Either way, I meandered out to the local hardware store and picked up some 3/4" number 4x40 machine screws and a matching drill tap kit. At home I proceeded to drill a 3/32" hole in the firing pin cup, and cut threads into the new hole. Then I screwed the screw into it from behind, applied loctite liberally, and through a combo of grinding wheel, dremel, file, and sandpaper, I reproduced the old firing pin from the shaft of that screw.

Then came the strenuous dry fire / snap cap / expended shell impact test, all of which the new pin passed. You can almost not tell this new pin from the old one.

The next day was the range. Unfortunately I had a limited supply of .32 auto rounds left over for the gun, due to the inoperable condition it had been in, but I fired first two rounds, slow fire, both impacted the target at 15 yards within 1/4" of each other high and to the right. (let me remind you of the horrible crappiness with which i shoot pistols)
Then I went ahead and shot the rest of the 30 or so rounds in the box.

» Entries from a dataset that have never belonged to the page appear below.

(* In the grid G = P_2inf \<box> P_n the graph distance is the Manhattan
   distance |a - c| + |b - e|.  We prove this via a general criterion: a nat-valued
   function d that satisfies the triangle inequality, is at most 1 on edges, vanishes
   exactly on the diagonal and can always be decreased by one along an edge, coincides
   with gdist.  Afterwards everything is arithmetic on Manhattan distances:
   - the landmarks (0,0), (0,n-1), (1,0) determine the row b (from the first two) and
     then the column a (from the first and third), so S is resolving;
   - for any two vertices x1, x2 there is a pair of distinct vertices at equal
     Manhattan distance from both (a "corner" pair to the left of both landmarks on a
     boundary row not containing them, or a pair around the landmark on row 0 if the
     landmarks occupy both boundary rows), so no set of at most 2 vertices resolves G. *)

section \<open>Walks and graph distance in general graphs\<close>

lemma is_walk_Cons:
  "is_walk V adj (x # xs) \<longleftrightarrow> x \<in> V \<and> (xs = [] \<or> (adj x (hd xs) \<and> is_walk V adj xs))"
proof (cases xs)
  case Nil
  then show ?thesis by (simp add: is_walk_def)
next
  case (Cons y ys)
  have "(\<forall>i. Suc i < length (x # xs) \<longrightarrow> adj ((x # xs) ! i) ((x # xs) ! Suc i))
        \<longleftrightarrow> adj x y \<and> (\<forall>i. Suc i < length xs \<longrightarrow> adj (xs ! i) (xs ! Suc i))"
    (is "?all \<longleftrightarrow> _")
  proof
    assume ?all
    then show "adj x y \<and> (\<forall>i. Suc i < length xs \<longrightarrow> adj (xs ! i) (xs ! Suc i))"
      using Cons by (metis Suc_less_eq length_Cons nth_Cons_0 nth_Cons_Suc zero_less_Suc)
  next
    assume "adj x y \<and> (\<forall>i. Suc i < length xs \<longrightarrow> adj (xs ! i) (xs ! Suc i))"
    then show ?all using Cons by (auto simp: less_Suc_eq_0_disj nth_Cons split: nat.split)
  qed
  then show ?thesis using Cons by (auto simp: is_walk_def)
qed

Let me tell you, how dreamily this thing functioned.
Other than the fact that I shot all these into a 4" circle at 15 yards,
It was like shooting a feathergun.

I pulled the wonderfully light trigger that had no creep and a short pull,
after this I had plenty of time to feel the firing pin slide into the back of the shell, igniting the primer. This set off the rapid burn of the powder, projecting the round down the sharply rifled barrel. As the pressure dropped I felt the brass let go of the chamber walls and the slide slowly slid back along the rails of the frame, at the end of its travel, the firing pin reached its full displacement and the slide continued, shoving the pin hard into the primer once again and levering it quickly over the extractor claw and out into the cool and calm beyond. Shortly thereafter the slide began its journey back to the breech face, stripping off cleanly, another round from the waiting mag, and jamming it into the chamber as the extractor locked over the rim of the cartridge.
And as the pin waited again to release a little more entropy, there smoldered a hole not far from the center of the paper 15 yards beyond.

That thing shot like a dream. Compared to my daily ingestion of super hot surplus 7.62x25, which is more like a:
"pull click, what the hell just happened where did the bullet go?"

I recommend the pistol to anyone as a plinker. It was fantastically fun to shoot, and had the recoil of an airsoft.
 
Couldn't find one. The ones I could find were expensive and the same brittle steel that broke to begin with. Ya' know. the usual.
That and I figured the old one couldn't have gotten any more broken than it was, so I might as well have given it a shot.
 
Just FYI, the firing pin for the old Colt .25 is the same; Gun Parts lists them both (PN 491180) at $21.40.

Those firing pins are not that brittle but those pistols (the Colt included) should NOT be dry fired. Most gunsmiths who make them out of drill rod draw the nose a bit to soften it and make it less brittle.

BTW, Funderb, congratulations for realizing that the firing pin is also the ejector and making the pin long enough. I have seen a dozen or so made by both amateurs and gunsmiths that were not, and the guns were brought in because they wouldn't eject.